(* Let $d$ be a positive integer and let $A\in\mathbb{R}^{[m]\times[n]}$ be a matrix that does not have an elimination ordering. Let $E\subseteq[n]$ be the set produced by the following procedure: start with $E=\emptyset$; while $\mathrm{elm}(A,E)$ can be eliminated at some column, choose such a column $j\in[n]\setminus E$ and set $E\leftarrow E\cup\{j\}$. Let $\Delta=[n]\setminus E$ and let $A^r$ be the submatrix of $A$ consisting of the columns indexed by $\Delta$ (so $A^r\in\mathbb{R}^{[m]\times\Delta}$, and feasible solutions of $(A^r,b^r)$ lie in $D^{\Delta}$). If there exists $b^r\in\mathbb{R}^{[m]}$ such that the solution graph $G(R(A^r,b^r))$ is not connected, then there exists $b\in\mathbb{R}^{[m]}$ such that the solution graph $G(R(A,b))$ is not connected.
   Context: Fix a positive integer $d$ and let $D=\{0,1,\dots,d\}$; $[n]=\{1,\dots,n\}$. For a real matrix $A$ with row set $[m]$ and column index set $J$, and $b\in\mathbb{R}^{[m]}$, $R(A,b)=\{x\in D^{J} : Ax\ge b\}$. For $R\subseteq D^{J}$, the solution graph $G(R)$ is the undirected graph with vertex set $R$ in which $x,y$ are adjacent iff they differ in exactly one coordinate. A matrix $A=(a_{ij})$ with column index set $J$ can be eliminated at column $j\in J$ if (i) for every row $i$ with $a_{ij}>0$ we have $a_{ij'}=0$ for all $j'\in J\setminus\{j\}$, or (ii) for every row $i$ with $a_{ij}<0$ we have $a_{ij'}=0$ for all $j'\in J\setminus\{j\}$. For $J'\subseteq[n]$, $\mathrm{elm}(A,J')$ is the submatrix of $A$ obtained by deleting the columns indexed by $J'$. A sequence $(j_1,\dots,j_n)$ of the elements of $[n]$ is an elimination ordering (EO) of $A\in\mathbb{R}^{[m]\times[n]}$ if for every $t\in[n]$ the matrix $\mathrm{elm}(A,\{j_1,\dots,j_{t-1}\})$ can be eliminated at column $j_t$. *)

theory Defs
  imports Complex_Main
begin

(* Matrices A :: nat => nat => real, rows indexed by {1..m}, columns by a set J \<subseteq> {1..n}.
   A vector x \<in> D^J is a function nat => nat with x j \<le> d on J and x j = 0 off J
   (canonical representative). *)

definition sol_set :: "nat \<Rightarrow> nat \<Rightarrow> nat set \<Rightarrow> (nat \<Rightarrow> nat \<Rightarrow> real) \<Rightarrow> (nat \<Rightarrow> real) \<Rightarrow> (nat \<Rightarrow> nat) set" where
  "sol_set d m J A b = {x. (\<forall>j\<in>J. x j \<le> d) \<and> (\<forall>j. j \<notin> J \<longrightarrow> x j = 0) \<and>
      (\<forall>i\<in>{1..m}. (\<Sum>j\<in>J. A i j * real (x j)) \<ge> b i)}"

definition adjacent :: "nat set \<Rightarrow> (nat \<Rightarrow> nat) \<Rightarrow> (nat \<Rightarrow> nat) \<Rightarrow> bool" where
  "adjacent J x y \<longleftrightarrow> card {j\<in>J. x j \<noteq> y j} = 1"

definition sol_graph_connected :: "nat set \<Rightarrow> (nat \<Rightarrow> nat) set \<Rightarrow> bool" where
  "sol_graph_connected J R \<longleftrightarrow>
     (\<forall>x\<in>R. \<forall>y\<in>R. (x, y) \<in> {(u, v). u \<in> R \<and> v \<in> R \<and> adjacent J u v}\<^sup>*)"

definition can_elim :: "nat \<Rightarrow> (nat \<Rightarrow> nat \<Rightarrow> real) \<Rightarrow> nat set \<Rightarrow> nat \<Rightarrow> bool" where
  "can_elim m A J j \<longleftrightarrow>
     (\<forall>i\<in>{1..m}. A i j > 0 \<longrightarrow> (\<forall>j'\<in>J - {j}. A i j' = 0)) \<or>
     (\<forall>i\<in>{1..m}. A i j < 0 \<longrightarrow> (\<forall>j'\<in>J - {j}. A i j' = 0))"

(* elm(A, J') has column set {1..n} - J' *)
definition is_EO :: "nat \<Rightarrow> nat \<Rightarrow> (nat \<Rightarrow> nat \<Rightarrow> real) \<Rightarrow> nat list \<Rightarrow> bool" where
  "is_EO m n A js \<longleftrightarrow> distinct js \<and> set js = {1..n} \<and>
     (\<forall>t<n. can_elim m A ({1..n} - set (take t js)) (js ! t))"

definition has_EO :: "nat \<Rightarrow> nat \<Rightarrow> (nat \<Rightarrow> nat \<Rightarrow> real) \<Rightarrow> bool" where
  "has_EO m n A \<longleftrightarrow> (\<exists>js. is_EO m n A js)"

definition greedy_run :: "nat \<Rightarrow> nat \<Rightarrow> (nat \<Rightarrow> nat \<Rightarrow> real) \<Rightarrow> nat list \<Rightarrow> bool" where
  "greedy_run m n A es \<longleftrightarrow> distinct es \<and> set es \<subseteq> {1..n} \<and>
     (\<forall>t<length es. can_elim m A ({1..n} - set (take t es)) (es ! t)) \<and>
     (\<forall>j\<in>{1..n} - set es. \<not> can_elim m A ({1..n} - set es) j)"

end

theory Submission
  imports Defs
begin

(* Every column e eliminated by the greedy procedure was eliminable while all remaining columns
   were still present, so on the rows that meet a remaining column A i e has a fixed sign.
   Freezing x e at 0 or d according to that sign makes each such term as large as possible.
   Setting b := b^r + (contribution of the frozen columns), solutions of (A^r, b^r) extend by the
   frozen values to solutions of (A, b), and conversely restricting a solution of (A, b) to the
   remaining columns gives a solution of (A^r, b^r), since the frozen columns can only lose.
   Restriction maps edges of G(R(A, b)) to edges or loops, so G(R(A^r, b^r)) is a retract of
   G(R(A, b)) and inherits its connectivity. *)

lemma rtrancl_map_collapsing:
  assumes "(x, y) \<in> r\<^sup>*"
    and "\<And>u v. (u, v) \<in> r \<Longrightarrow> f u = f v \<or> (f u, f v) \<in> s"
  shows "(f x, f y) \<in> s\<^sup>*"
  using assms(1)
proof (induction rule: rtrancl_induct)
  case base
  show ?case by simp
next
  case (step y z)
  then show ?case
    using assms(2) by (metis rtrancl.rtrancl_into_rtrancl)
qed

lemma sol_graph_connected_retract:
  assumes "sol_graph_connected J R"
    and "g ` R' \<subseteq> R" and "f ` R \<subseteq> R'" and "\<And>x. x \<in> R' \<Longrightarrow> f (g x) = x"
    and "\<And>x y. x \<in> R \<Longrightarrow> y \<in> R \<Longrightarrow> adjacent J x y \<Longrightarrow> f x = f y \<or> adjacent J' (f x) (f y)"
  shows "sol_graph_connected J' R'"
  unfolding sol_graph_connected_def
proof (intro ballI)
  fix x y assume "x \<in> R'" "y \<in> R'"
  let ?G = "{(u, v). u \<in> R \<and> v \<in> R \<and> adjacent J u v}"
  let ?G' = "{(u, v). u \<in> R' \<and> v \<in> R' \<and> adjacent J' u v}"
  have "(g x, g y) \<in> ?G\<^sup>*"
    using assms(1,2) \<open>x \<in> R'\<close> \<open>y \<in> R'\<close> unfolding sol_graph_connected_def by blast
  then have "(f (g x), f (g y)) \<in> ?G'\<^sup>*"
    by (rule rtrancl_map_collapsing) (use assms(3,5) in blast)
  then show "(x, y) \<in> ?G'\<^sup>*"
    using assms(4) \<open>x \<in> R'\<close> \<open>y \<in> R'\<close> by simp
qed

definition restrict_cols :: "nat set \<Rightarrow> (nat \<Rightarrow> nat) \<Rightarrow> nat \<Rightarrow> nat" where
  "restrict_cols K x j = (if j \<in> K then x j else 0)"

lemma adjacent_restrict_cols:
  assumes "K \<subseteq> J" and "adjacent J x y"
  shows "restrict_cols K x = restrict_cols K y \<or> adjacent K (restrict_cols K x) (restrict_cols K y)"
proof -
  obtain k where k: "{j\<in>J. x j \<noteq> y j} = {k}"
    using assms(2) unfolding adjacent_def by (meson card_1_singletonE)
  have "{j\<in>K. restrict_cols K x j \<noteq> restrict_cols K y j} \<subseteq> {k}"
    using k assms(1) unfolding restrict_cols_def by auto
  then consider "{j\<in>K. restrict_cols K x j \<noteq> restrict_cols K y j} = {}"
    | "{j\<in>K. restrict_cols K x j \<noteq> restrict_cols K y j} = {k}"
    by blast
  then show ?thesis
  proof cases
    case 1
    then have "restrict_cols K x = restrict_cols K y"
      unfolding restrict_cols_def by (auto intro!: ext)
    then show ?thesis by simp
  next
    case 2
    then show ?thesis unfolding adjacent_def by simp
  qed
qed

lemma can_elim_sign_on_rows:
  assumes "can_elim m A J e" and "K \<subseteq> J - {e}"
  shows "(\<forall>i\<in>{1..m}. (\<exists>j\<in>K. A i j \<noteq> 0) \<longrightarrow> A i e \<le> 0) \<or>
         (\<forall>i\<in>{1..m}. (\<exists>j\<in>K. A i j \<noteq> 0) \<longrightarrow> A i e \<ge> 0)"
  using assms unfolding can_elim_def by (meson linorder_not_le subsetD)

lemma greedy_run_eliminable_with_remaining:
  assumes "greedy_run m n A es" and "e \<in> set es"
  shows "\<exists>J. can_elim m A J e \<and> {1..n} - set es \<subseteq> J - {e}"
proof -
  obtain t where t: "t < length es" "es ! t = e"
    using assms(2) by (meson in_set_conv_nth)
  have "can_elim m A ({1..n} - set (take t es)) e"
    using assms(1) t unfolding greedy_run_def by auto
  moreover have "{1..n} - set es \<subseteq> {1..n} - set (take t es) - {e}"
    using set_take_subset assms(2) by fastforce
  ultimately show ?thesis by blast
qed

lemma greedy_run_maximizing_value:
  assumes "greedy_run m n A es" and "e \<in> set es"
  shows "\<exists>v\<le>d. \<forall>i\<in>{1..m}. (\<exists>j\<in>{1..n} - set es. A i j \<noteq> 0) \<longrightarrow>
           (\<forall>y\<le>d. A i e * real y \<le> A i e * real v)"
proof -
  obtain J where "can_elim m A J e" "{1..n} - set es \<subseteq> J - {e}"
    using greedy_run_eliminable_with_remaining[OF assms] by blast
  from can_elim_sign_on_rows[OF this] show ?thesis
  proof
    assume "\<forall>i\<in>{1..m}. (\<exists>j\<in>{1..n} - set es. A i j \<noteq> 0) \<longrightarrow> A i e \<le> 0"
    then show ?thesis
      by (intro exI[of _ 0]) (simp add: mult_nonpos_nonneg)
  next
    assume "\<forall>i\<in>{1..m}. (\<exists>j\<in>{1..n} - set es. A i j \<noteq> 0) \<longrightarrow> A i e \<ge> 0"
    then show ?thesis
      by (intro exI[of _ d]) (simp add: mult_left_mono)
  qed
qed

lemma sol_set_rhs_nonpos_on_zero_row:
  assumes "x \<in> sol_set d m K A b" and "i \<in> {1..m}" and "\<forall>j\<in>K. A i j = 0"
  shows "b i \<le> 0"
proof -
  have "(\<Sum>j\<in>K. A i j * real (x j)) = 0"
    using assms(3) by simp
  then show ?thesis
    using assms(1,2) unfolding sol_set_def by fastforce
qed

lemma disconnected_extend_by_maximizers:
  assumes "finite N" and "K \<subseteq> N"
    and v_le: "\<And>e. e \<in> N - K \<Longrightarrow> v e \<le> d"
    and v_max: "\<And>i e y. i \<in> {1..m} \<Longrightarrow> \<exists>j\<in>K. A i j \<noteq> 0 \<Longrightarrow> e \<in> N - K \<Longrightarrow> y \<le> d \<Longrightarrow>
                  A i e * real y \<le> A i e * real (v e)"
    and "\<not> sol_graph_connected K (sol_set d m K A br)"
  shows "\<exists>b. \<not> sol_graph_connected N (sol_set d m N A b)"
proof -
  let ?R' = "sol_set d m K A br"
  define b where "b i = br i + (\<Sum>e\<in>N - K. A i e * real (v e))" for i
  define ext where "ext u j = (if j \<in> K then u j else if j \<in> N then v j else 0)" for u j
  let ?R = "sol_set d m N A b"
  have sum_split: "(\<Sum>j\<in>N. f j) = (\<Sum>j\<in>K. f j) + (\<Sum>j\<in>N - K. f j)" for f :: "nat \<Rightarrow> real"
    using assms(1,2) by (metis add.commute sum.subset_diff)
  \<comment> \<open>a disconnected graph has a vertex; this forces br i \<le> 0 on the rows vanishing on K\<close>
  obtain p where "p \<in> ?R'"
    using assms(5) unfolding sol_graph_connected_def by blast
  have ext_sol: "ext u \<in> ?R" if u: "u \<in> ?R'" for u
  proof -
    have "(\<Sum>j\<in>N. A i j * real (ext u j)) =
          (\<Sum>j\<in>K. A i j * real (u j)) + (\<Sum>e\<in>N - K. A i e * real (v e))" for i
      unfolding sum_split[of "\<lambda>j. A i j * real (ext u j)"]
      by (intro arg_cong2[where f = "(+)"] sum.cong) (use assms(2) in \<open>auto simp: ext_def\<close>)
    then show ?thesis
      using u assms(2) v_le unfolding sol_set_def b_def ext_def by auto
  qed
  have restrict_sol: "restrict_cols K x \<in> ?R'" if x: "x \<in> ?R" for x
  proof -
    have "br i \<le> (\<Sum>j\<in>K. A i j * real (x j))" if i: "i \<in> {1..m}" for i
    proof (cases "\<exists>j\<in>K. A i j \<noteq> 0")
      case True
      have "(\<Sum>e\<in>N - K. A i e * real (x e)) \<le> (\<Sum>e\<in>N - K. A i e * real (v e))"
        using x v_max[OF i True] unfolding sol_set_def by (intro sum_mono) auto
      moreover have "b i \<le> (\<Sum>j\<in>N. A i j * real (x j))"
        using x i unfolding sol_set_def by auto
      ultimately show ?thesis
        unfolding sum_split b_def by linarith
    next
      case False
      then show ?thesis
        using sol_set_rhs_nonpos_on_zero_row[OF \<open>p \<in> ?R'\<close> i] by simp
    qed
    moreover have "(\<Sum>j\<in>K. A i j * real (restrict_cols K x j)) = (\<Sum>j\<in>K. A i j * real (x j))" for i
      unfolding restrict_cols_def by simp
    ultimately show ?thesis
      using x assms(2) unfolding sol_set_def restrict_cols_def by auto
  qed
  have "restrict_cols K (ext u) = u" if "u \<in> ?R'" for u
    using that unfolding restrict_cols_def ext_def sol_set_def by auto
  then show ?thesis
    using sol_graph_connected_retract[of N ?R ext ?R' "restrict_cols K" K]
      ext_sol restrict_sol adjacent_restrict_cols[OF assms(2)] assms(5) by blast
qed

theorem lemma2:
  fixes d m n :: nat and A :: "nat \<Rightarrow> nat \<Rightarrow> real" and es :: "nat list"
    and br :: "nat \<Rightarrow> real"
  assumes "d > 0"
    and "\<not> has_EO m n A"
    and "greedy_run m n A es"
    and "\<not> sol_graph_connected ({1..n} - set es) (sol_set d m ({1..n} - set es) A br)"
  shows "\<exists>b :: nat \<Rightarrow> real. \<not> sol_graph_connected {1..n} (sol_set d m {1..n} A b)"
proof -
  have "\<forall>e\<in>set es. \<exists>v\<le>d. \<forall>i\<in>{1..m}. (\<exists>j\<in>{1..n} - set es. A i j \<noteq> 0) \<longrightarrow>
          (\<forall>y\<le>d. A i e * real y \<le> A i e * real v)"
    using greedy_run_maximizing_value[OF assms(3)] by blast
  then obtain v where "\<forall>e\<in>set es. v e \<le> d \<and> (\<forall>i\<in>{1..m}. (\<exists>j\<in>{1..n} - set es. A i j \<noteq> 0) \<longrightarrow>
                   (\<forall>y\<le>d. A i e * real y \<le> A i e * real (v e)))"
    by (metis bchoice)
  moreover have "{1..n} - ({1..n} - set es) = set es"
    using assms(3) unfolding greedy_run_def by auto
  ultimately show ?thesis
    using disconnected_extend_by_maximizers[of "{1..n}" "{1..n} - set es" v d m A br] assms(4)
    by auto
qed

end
--------
▶ [Aim of the task] What lines in the listing above contain the word "cases"? Show each one.

▶ [Your solution]
  proof cases
    proof (cases "\<exists>j\<in>K. A i j \<noteq> 0")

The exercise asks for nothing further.